W “Życiu Warszawy” z dnia 22 czerwca 2004 r. ukazał się przeprowadzony przez Ewę Szadkowską wywiad z gen. dyw. Sławojem Leszkiem Głódziem, biskupem polowym Wojska polskiego pt. “Nie bądźmy oszołomami” i podtytułem “O konstytucji europejskiej, postawie rządu i oskarżeniach”.
Ostatnie pytanie tego wywiadu jest następujące: “A ksiądz biskup odczuł ulgę, gdy poznał skład polskiej reprezentacji w Parlamencie Europejskim?”
Bp. Głódź, pijąc w sposób czytelny do Ligi Polskich Rodzin, o której bardzo niepochlebnie wyrażał się wcześniej stwierdza: “A jeżeli chodzi o nasza reprezentację - to jest to folklor, który nie odpowiada rzeczywistości”.
Zauważmy, ze termin folklor pojawia się w wypowiedziach obu wspomnianych wyżej biskupów. To już nie jest tylko ten sam język. To jest również, śmiem twierdzić coś więcej - to jest powinowactwo “duchowe”. Mamy tu do czynienia wyraźnie z ideowymi bliźniakami syjamskimi.

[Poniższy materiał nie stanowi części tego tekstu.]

lemma Max_mult_sum_le_sum_mult:
  fixes g b :: "'a::linorder \<Rightarrow> real"
  assumes "finite A" "A \<noteq> {}" "antimono b"
    and "\<And>x. x \<in> A \<Longrightarrow> 0 \<le> sum g {j\<in>A. j \<le> x}"
  shows "b (Max A) * sum g A \<le> (\<Sum>j\<in>A. b j * g j)"
  using assms(1,2,4)
proof (induction A rule: finite_linorder_max_induct)
  case empty then show ?case by simp
next
  case (insert c A)
  show ?case
  proof (cases "A = {}")
    case True then show ?thesis by simp
  next
    case False
    have prefix: "{j \<in> insert c A. j \<le> x} = {j\<in>A. j \<le> x}" if "x \<in> A" for x
      using insert that by auto
    have IH: "b (Max A) * sum g A \<le> (\<Sum>j\<in>A. b j * g j)"
    proof (rule insert.IH[OF False])
      show "0 \<le> sum g {j\<in>A. j \<le> x}" if "x \<in> A" for x
        using insert.prems(2)[of x] prefix[OF that] that by simp
    qed
    have "Max A \<in> A" "{j\<in>A. j \<le> Max A} = A" using False insert by auto
    then have "0 \<le> sum g A" using insert.prems(2)[of "Max A"] prefix by auto
    moreover have "b c \<le> b (Max A)"
      using \<open>Max A \<in> A\<close> insert.hyps(2) by (intro antimonoD[OF assms(3)]) auto
    ultimately have "b c * sum g A \<le> b (Max A) * sum g A" by (simp add: mult_right_mono)
    moreover have "Max (insert c A) = c" using insert False by (intro Max_eqI) auto
    moreover have "c \<notin> A" using insert.hyps(2) by auto
    ultimately show ?thesis using IH insert.hyps(1) by (simp add: distrib_left)
  qed
qed

lemma sum_mult_nonneg_if_prefix_sums_nonneg:
  fixes g b :: "'n::{finite,linorder} \<Rightarrow> real"
  assumes "\<And>l. 0 \<le> sum g {..l}" "antimono b" "\<And>i. 0 \<le> b i"
  shows "0 \<le> (\<Sum>j\<in>UNIV. b j * g j)"
proof -
  have "{..Max (UNIV::'n set)} = UNIV" by auto
  then have "0 \<le> b (Max UNIV) * sum g UNIV" using assms(1,3) by (metis mult_nonneg_nonneg)
  also have "\<dots> \<le> (\<Sum>j\<in>UNIV. b j * g j)"
    using assms(1,2) by (intro Max_mult_sum_le_sum_mult) (auto simp: atMost_def)
  finally show ?thesis .
qed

W wywiadzie tym w taki oto sposób ks. Biskup ocenia postawę rządu przyjętą w Brukseli w sprawie konstytucji europejskiej: “Trudno mieć pretensje do rządu. Premier Belka i minister Włodzimierz Cimoszewicz zrobili wszystko, co mogli, walczyli uczciwie i jak Rejtan. Tyle że może nie położyli się jeszcze na progu.. (...) absolutnie nie może być mowy o żadnej zdradzie”

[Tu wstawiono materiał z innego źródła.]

lemma compact_pcomplex_iff:
  assumes Y: "pcomplex scale Y F D"
  shows "compact_pcomplex scale Y F D \<longleftrightarrow>
    (\<forall>k. compact_pmod scale (Y k) (F k)) \<and> (\<exists>N. \<forall>k\<ge>N. \<forall>r\<ge>0. Y k r = {0})"
proof
  assume "compact_pcomplex scale Y F D"
  then obtain T where T: "finite T"
      "\<forall>k r s. 0 \<le> r \<and> r \<le> s \<and> T \<inter> {r<..s} = {} \<longrightarrow> bij_betw (F k r s) (Y k r) (Y k s)"
    and bounded: "\<exists>N. \<forall>k\<ge>N. \<forall>r\<ge>0. Y k r = {0}"
    and fin: "\<forall>k. \<forall>r\<ge>0. fin_dim scale (Y k r)"
    unfolding compact_pcomplex_def by blast
  have "compact_pmod scale (Y k) (F k)" for k
    unfolding compact_pmod_def tame_def
    using Y T fin unfolding pcomplex_def by (intro conjI exI[of _ T]) auto
  then show "(\<forall>k. compact_pmod scale (Y k) (F k)) \<and> (\<exists>N. \<forall>k\<ge>N. \<forall>r\<ge>0. Y k r = {0})"
    using bounded by blast
next
  assume comp: "(\<forall>k. compact_pmod scale (Y k) (F k)) \<and> (\<exists>N. \<forall>k\<ge>N. \<forall>r\<ge>0. Y k r = {0})"
  then obtain N where N: "\<And>k r. N \<le> k \<Longrightarrow> 0 \<le> r \<Longrightarrow> Y k r = {0}" by blast
  have "\<forall>k. \<exists>T. finite T \<and>
      (\<forall>r s. 0 \<le> r \<and> r \<le> s \<and> T \<inter> {r<..s} = {} \<longrightarrow> bij_betw (F k r s) (Y k r) (Y k s))"
    using comp unfolding compact_pmod_def tame_def by blast
  then obtain T where "\<forall>k. finite (T k) \<and>
      (\<forall>r s. 0 \<le> r \<and> r \<le> s \<and> T k \<inter> {r<..s} = {} \<longrightarrow> bij_betw (F k r s) (Y k r) (Y k s))"
    by (rule choice[THEN exE])
  then have T_fin: "\<And>k. finite (T k)"
    and T_bij: "\<And>k r s. 0 \<le> r \<Longrightarrow> r \<le> s \<Longrightarrow> T k \<inter> {r<..s} = {} \<Longrightarrow> bij_betw (F k r s) (Y k r) (Y k s)"
    by blast+
  have "bij_betw (F k r s) (Y k r) (Y k s)"
    if rs: "0 \<le> r" "r \<le> s" "(\<Union>j<N. T j) \<inter> {r<..s} = {}" for k r s
  proof (cases "k < N")
    case True
    then have "T k \<inter> {r<..s} = {}" using rs(3) by blast
    then show ?thesis using T_bij rs by blast
  next
    case False
    have "persistence_module scale (Y k) (F k)"
      using Y unfolding pcomplex_def persistence_module_def by blast
    then have "F k r s 0 = 0" using persistence_module.structure_map_zero rs by blast
    then show ?thesis using N False rs by (simp add: bij_betw_def)
  qed
  then show "compact_pcomplex scale Y F D"
    unfolding compact_pcomplex_def using Y comp T_fin unfolding compact_pmod_def
    by (intro conjI exI[of _ "\<Union>j<N. T j"]) auto
qed

locale persistent_complex =
  fixes scale :: "rat \<Rightarrow> 'v::ab_group_add \<Rightarrow> 'v"
    and C :: "nat \<Rightarrow> real \<Rightarrow> 'v set"
    and F :: "nat \<Rightarrow> real \<Rightarrow> real \<Rightarrow> 'v \<Rightarrow> 'v"
    and D :: "nat \<Rightarrow> real \<Rightarrow> 'v \<Rightarrow> 'v"
  assumes pcomplex: "pcomplex scale C F D"
begin

lemma persistence_module: "persistence_module scale (C k) (F k)"
  using pcomplex unfolding pcomplex_def persistence_module_def by blast

sublocale rat_vector_space scale
  using pcomplex unfolding pcomplex_def pmod_def rat_vector_space_def by blast

lemma differential_in: "0 \<le> r \<Longrightarrow> x \<in> C k r \<Longrightarrow> D k r x \<in> C (Suc k) r"
  using pcomplex unfolding pcomplex_def by blast

lemma lin_on_differential: "0 \<le> r \<Longrightarrow> lin_on scale (C k r) (D k r)"
  using pcomplex unfolding pcomplex_def by blast

lemma differential_differential: "0 \<le> r \<Longrightarrow> x \<in> C k r \<Longrightarrow> D (Suc k) r (D k r x) = 0"
  using pcomplex unfolding pcomplex_def by blast

lemma structure_map_differential:
  "0 \<le> r \<Longrightarrow> r \<le> s \<Longrightarrow> x \<in> C k r \<Longrightarrow> F (Suc k) r s (D k r x) = D k s (F k r s x)"
  using pcomplex unfolding pcomplex_def by blast

lemma differential_zero: "0 \<le> r \<Longrightarrow> D k r 0 = 0"
  using lin_on_zero lin_on_differential persistence_module.subspace_V[OF persistence_module] subspace_0
  by blast

lemma pcomplex_sub_pcomplex:
  assumes Y: "sub_pcomplex scale Y C F D"
  shows "pcomplex scale Y F D"
proof -
  have YC: "Y k r \<subseteq> C k r" if "0 \<le> r" for k r
    using Y that unfolding sub_pcomplex_def sub_pmod_def by blast
  show ?thesis unfolding pcomplex_def
  proof (intro conjI allI impI ballI)
    show "pmod scale (Y k) (F k)" for k
      using pmod_sub_pmod persistence_module.pmod[OF persistence_module] Y
      unfolding sub_pcomplex_def by blast
    show "D k r ` Y k r \<subseteq> Y (Suc k) r" if "0 \<le> r" for k r
      using Y that unfolding sub_pcomplex_def by blast
    show "lin_on scale (Y k r) (D k r)" if "0 \<le> r" for k r
      using lin_on_subset[OF lin_on_differential[OF that] YC[OF that]] .
    show "D (Suc k) r (D k r x) = 0" if "0 \<le> r" "x \<in> Y k r" for k r x
      using differential_differential YC that by blast
    show "F (Suc k) r s (D k r x) = D k s (F k r s x)" if "0 \<le> r \<and> r \<le> s" "x \<in> Y k r" for k r s x
      using structure_map_differential YC that by blast
  qed
qed

lemma generated_differential_image:
  assumes S: "elements_in (C k) S" and s: "0 \<le> s"
  shows "generated_pmod scale (F (Suc k)) ((\<lambda>(t, y). (t, D k t y)) ` S) s =
    D k s ` generated_pmod scale (F k) S s"
proof -
  interpret Ck: persistence_module scale "C k" "F k" by (rule persistence_module)
  have "generators_at (F (Suc k)) ((\<lambda>(t, y). (t, D k t y)) ` S) s =
      (\<lambda>(t, y). F (Suc k) t s (D k t y)) ` {p\<in>S. fst p \<le> s}"
    unfolding generators_at_def by force
  also have "\<dots> = D k s ` generators_at (F k) S s"
    unfolding generators_at_def image_image
    using S structure_map_differential unfolding elements_in_def by (intro image_cong) auto
  finally show ?thesis unfolding generated_pmod_def
    using lin_on_image_span[OF lin_on_differential[OF s] Ck.subspace_V[OF s] Ck.generators_subset[OF S s]]
    by simp
qed

lemma compact_sub_pcomplex_two_term:
  assumes W: "sub_pmod scale W (C k) (F k)" "compact_pmod scale W (F k)"
    and Z: "sub_pmod scale Z (C (Suc k)) (F (Suc k))" "compact_pmod scale Z (F (Suc k))"
    and Z_eq: "\<And>s. 0 \<le> s \<Longrightarrow> Z s = D k s ` W s"
  defines "Y \<equiv> \<lambda>j. if j = k then W else if j = Suc k then Z else (\<lambda>_. {0})"
  shows "sub_pcomplex scale Y C F D" "compact_pcomplex scale Y F D"
proof -
  have "sub_pmod scale (Y j) (C j) (F j)" for j
    using W(1) Z(1) persistence_module.sub_pmod_zero[OF persistence_module] unfolding Y_def by auto
  moreover have "D j s ` Y j s \<subseteq> Y (Suc j) s" if s: "0 \<le> s" for j s
  proof -
    consider "j = k" | "j = Suc k" | "j \<noteq> k" "j \<noteq> Suc k" by blast
    then show ?thesis
    proof cases
      case 1
      then show ?thesis using Z_eq s unfolding Y_def by simp
    next
      case 2
      have "W s \<subseteq> C k s" using W(1) s unfolding sub_pmod_def by blast
      then show ?thesis using 2 Z_eq s differential_differential unfolding Y_def by auto
    next
      case 3
      have "0 \<in> W s" using W(1) s subspace_0 unfolding sub_pmod_def by blast
      then show ?thesis using 3 differential_zero s unfolding Y_def by auto
    qed
  qed
  ultimately show Y: "sub_pcomplex scale Y C F D" unfolding sub_pcomplex_def by blast
  have "compact_pmod scale (Y j) (F j)" for j
    using W(2) Z(2) persistence_module.compact_pmod_zero[OF persistence_module] unfolding Y_def by auto
  moreover have "\<forall>j\<ge>Suc (Suc k). \<forall>r\<ge>0. Y j r = {0}" unfolding Y_def by simp
  ultimately show "compact_pcomplex scale Y F D"
    using compact_pcomplex_iff[OF pcomplex_sub_pcomplex[OF Y]] by blast
qed

lemma loc_compact_pmod_component:
  assumes "loc_compact_pcomplex scale C F D"
  shows "loc_compact_pmod scale (C k) (F k)"
  unfolding loc_compact_pmod_def
proof (intro allI impI ballI)
  fix r x assume "0 \<le> r" "x \<in> C k r"
  then obtain Y where Y: "sub_pcomplex scale Y C F D" "compact_pcomplex scale Y F D" "x \<in> Y k r"
    using assms unfolding loc_compact_pcomplex_def by blast
  then show "\<exists>W. sub_pmod scale W (C k) (F k) \<and> compact_pmod scale W (F k) \<and> x \<in> W r"
    using compact_pcomplex_iff[OF pcomplex_sub_pcomplex[OF Y(1)]] unfolding sub_pcomplex_def by blast
qed

lemma loc_compact_pcomplexI:
  assumes loc_compact: "\<And>k. loc_compact_pmod scale (C k) (F k)"
  shows "loc_compact_pcomplex scale C F D"
  unfolding loc_compact_pcomplex_def
proof (intro allI impI ballI)
  fix k r x assume x: "0 \<le> r" "x \<in> C k r"
  interpret C': loc_compact_persistence_module scale "C (Suc k)" "F (Suc k)"
    using persistence_module loc_compact
    by (simp add: loc_compact_persistence_module_def loc_compact_persistence_module_axioms_def)
  obtain W where W: "sub_pmod scale W (C k) (F k)" "compact_pmod scale W (F k)" "x \<in> W r"
    using loc_compact x unfolding loc_compact_pmod_def by blast
  interpret W: persistence_module scale W "F k"
    using W(2) unfolding compact_pmod_def persistence_module_def by blast
  obtain S where S: "finite S" "elements_in W S" "\<And>s. 0 \<le> s \<Longrightarrow> W s = generated_pmod scale (F k) S s"
    using W.compact_pmod_finitely_generated[OF W(2)] by blast
  have SC: "elements_in (C k) S" using S(2) W(1) unfolding elements_in_def sub_pmod_def by blast
  define S' where "S' = (\<lambda>(t, y). (t, D k t y)) ` S"
  have S': "finite S'" "elements_in (C (Suc k)) S'"
    using S(1) SC differential_in unfolding S'_def elements_in_def by auto
  define Z where "Z = generated_pmod scale (F (Suc k)) S'"
  have Z: "sub_pmod scale Z (C (Suc k)) (F (Suc k))" "compact_pmod scale Z (F (Suc k))"
    unfolding Z_def using C'.sub_pmod_generated[OF S'(2)] C'.compact_generated[OF S'] by auto
  have Z_eq: "Z s = D k s ` W s" if "0 \<le> s" for s
    using generated_differential_image[OF SC that] S(3)[OF that] unfolding Z_def S'_def by simp
  define Y where "Y = (\<lambda>j. if j = k then W else if j = Suc k then Z else (\<lambda>_. {0}))"
  have "sub_pcomplex scale Y C F D" "compact_pcomplex scale Y F D"
    unfolding Y_def using compact_sub_pcomplex_two_term[OF W(1,2) Z Z_eq] by blast+
  moreover have "x \<in> Y k r" using W(3) unfolding Y_def by simp
  ultimately show "\<exists>Y. sub_pcomplex scale Y C F D \<and> compact_pcomplex scale Y F D \<and> x \<in> Y k r"
    by blast
qed

end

W swoim czasie byli tzw. księża patrioci, którzy kadzili komunistom i starali się legitymizować ich posunięcia. Jednak nigdy nie byli to biskupi i nigdy ich wypowiedzi czy działalność nie była tak spektakularna jak Ks. Biskupa.
Ewa Szadkowska dopytuje się bpa Głódzia o ocenę stanowiska Ligi Polskich Rodzin, która mówi o “zdradzie katolickiego narodu” i żąda postawienia Belki przed trybunałem stanu. Oto wypowiedź Ks. Biskupa: “Każda partia chce wygrać swoje interesy, posługując się pewnymi hasłami. Zachowajmy jednak umiar w swoich ocenach, bo jeśli zaczniemy się rzucać od ściany do ściany, licytować i straszyć trybunałem, będziemy tylko oszołomami i pośmiewiskiem, nic więcej”.

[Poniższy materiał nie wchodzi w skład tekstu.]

definition mono_copy :: "coloring \<Rightarrow> 'a set \<Rightarrow> ('a \<Rightarrow> 'b) \<Rightarrow> ('a \<Rightarrow> nat) \<Rightarrow> bool" where
  "mono_copy \<phi> V p f \<longleftrightarrow> inj_on f V \<and> f ` V \<subseteq> {1..} \<and>
     (\<exists>c. \<forall>u\<in>V. \<forall>v\<in>V. p u \<noteq> p v \<longrightarrow> \<phi> {f u, f v} = c)"

definition ramsey_dense :: "'a set \<Rightarrow> ('a \<Rightarrow> 'b) \<Rightarrow> bool" where
  "ramsey_dense V p \<longleftrightarrow> (\<forall>\<phi>::coloring. \<exists>f. mono_copy \<phi> V p f \<and> upper_density (f ` V) > 0)"

definition Rd_col :: "coloring \<Rightarrow> 'a set \<Rightarrow> ('a \<Rightarrow> 'b) \<Rightarrow> ereal" where
  "Rd_col \<phi> V p = Sup {upper_density (f ` V) | f. mono_copy \<phi> V p f}"

definition Rd2 :: "'a set \<Rightarrow> ('a \<Rightarrow> 'b) \<Rightarrow> ereal" where
  "Rd2 V p = Inf {Rd_col \<phi> V p | \<phi>. True}"

end

theory Submission
  imports Defs
begin
lemma is_alg_sub_squams:
  assumes alg: "is_alg X \<alpha>" and closed: "\<And>m x. m \<in> Mset \<Longrightarrow> x \<in> B \<Longrightarrow> \<alpha> (tcls X m x) \<in> B"
  shows "is_alg (sub_squams X B) \<alpha>"
  unfolding is_alg_def is_mor_def
proof (intro conjI ballI)
  have "Metric_space B (dst X)" using Metric_space.subspace[OF alg_metric[OF alg] B] .
  moreover have "inj_on (sqm X) M0" "\<forall>x\<in>carr X. \<forall>y\<in>carr X. dst X x y \<le> 2"
    "\<forall>i\<in>{0,1}. \<forall>r\<in>{0..1}. \<forall>s\<in>{0..1}.
        dst X (sqm X (i, r)) (sqm X (i, s)) = \<bar>s - r\<bar> \<and> dst X (sqm X (r, i)) (sqm X (s, i)) = \<bar>s - r\<bar>"
    "\<forall>(r, s)\<in>M0. \<forall>(t, u)\<in>M0. dst X (sqm X (r, s)) (sqm X (t, u)) \<ge> \<bar>r - t\<bar> + \<bar>s - u\<bar>"
    using alg unfolding is_alg_def is_squams_def by blast+
  ultimately show "is_squams (sub_squams X B)"
    using B sqm_B unfolding is_squams_def carr_sub_squams dst_sub_squams sqm_sub_squams by blast
  show "\<alpha> ` carr (tensor (sub_squams X B)) \<subseteq> carr (sub_squams X B)"
    using closed by (auto simp: carr_sub_squams elim: tensor_carr_sub_squams)
next
  fix c c' assume c: "c \<in> carr (tensor (sub_squams X B))" and c': "c' \<in> carr (tensor (sub_squams X B))"
  have in_tensor: "d \<in> carr (tensor X)" if "d \<in> carr (tensor (sub_squams X B))" for d
    using that B by (auto intro: tcls_in_tensor elim: tensor_carr_sub_squams)
  have "dst X (\<alpha> c) (\<alpha> c') \<le> tdist X c c'"
    using alg_dst_le_tdist[OF alg in_tensor[OF c] in_tensor[OF c']] .
  also have "\<dots> \<le> tdist (sub_squams X B) c c'"
  proof (rule tdist_greatest[OF c c'])
    fix zs assume zs: "zs \<noteq> []" "set zs \<subseteq> Mset \<times> carr (sub_squams X B)" "hd zs \<in> c" "last zs \<in> c'"
    have "tdist X c c' \<le> chain_cost X zs"
      using zs B by (intro tdist_le_chain_cost alg_metric[OF alg]) (auto simp: carr_sub_squams)
    then show "tdist X c c' \<le> chain_cost (sub_squams X B) zs"
      using zs(2) chain_cost_sub_squams by (simp add: carr_sub_squams)
  qed
  finally show "dst (sub_squams X B) (\<alpha> c) (\<alpha> c') \<le> dst (tensor (sub_squams X B)) c c'"
    by (simp add: dst_sub_squams dst_tensor)
next
  fix p assume p: "p \<in> M0"
  have "tS (sub_squams X B) p = tS X p"
    using tcls_sub_squams[OF M0_cell(1)[OF p]] sqm_B M0_cell(2)[OF p]
      by (auto simp: tS_eq sqm_sub_squams)
  then show "\<alpha> (sqm (tensor (sub_squams X B)) p) = sqm (sub_squams X B) p"
    using alg_tS[OF alg p] by (simp add: sqm_tensor sqm_sub_squams)
qed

No cóż. Wynika z tego, że zdrada to patriotyzm, a patriotyzm to “oszołomstwo”. Nic nowego. Takie opinie wyrażał w dobie rozbiorów bp. Józef Kossakowski i bp. Ignacy Józef Massalski. Pierwszy z nich zawisł na szubienicy 9 maja 1794 roku skazany na karę śmierci za zdradę Ojczyzny wyrokiem specjalnego sądu kryminalnego, drugi został powieszony bez sądu na ulicznej szubienicy w Warszawie 28 czerwca tego samego roku przez wzburzony tłum mieszkańców stolicy.
Jedno z najważniejszych pytań wywiadu jest sformułowane tak: “Czy z uwagi na ów brak odniesień do Boga Polacy powinni w referendum zagłosować za odrzuceniem konstytucji?”
Pytanie to nie jest już pytaniem do Głódzia - euroentuzjasty, Głódzia - demoliberalnego polityka, czy Głódzia - lewicowego ideologa. Ale do Księdza Biskupa Głódzia. Ksiądz Biskup odpowiada na nie w sposób następujący: “Powinniśmy to przyjąć, dlatego, że konstytucja niczego w ojczyźnie nie zmieni - co dalej, to zależy od nas samych. Zachowajmy dziesięć przykazań, a przestrzegajmy nakazów bożych, a będziemy zbawieni”.
No cóż. Ręce opadają. Trzeba wyprzeć się Boga i... przestrzegać przykazań Bożych np. “Nie będziesz miał cudzych bogów przede mną” albo “Nie zabijaj” albo “Nie cudzołóż”.
Zadziwiające.
Porażające.
Chciałoby się powiedzieć: oto mamy realizację nowego hasła:
“Faryzeusze wszystkich krajów łączcie się”.
Czyż to nie jest folklor katolicki?
Jeżeli w przyszłości sąd lub tłum zagrozi bp. Głódziowi i bp. Życińskiemu będę ich bronił krzycząc wielkim głosem:
“Zostawcie tych ludzi w spokoju. Darujcie im. Przebaczcie. Toż to tylko folklor katolicki”.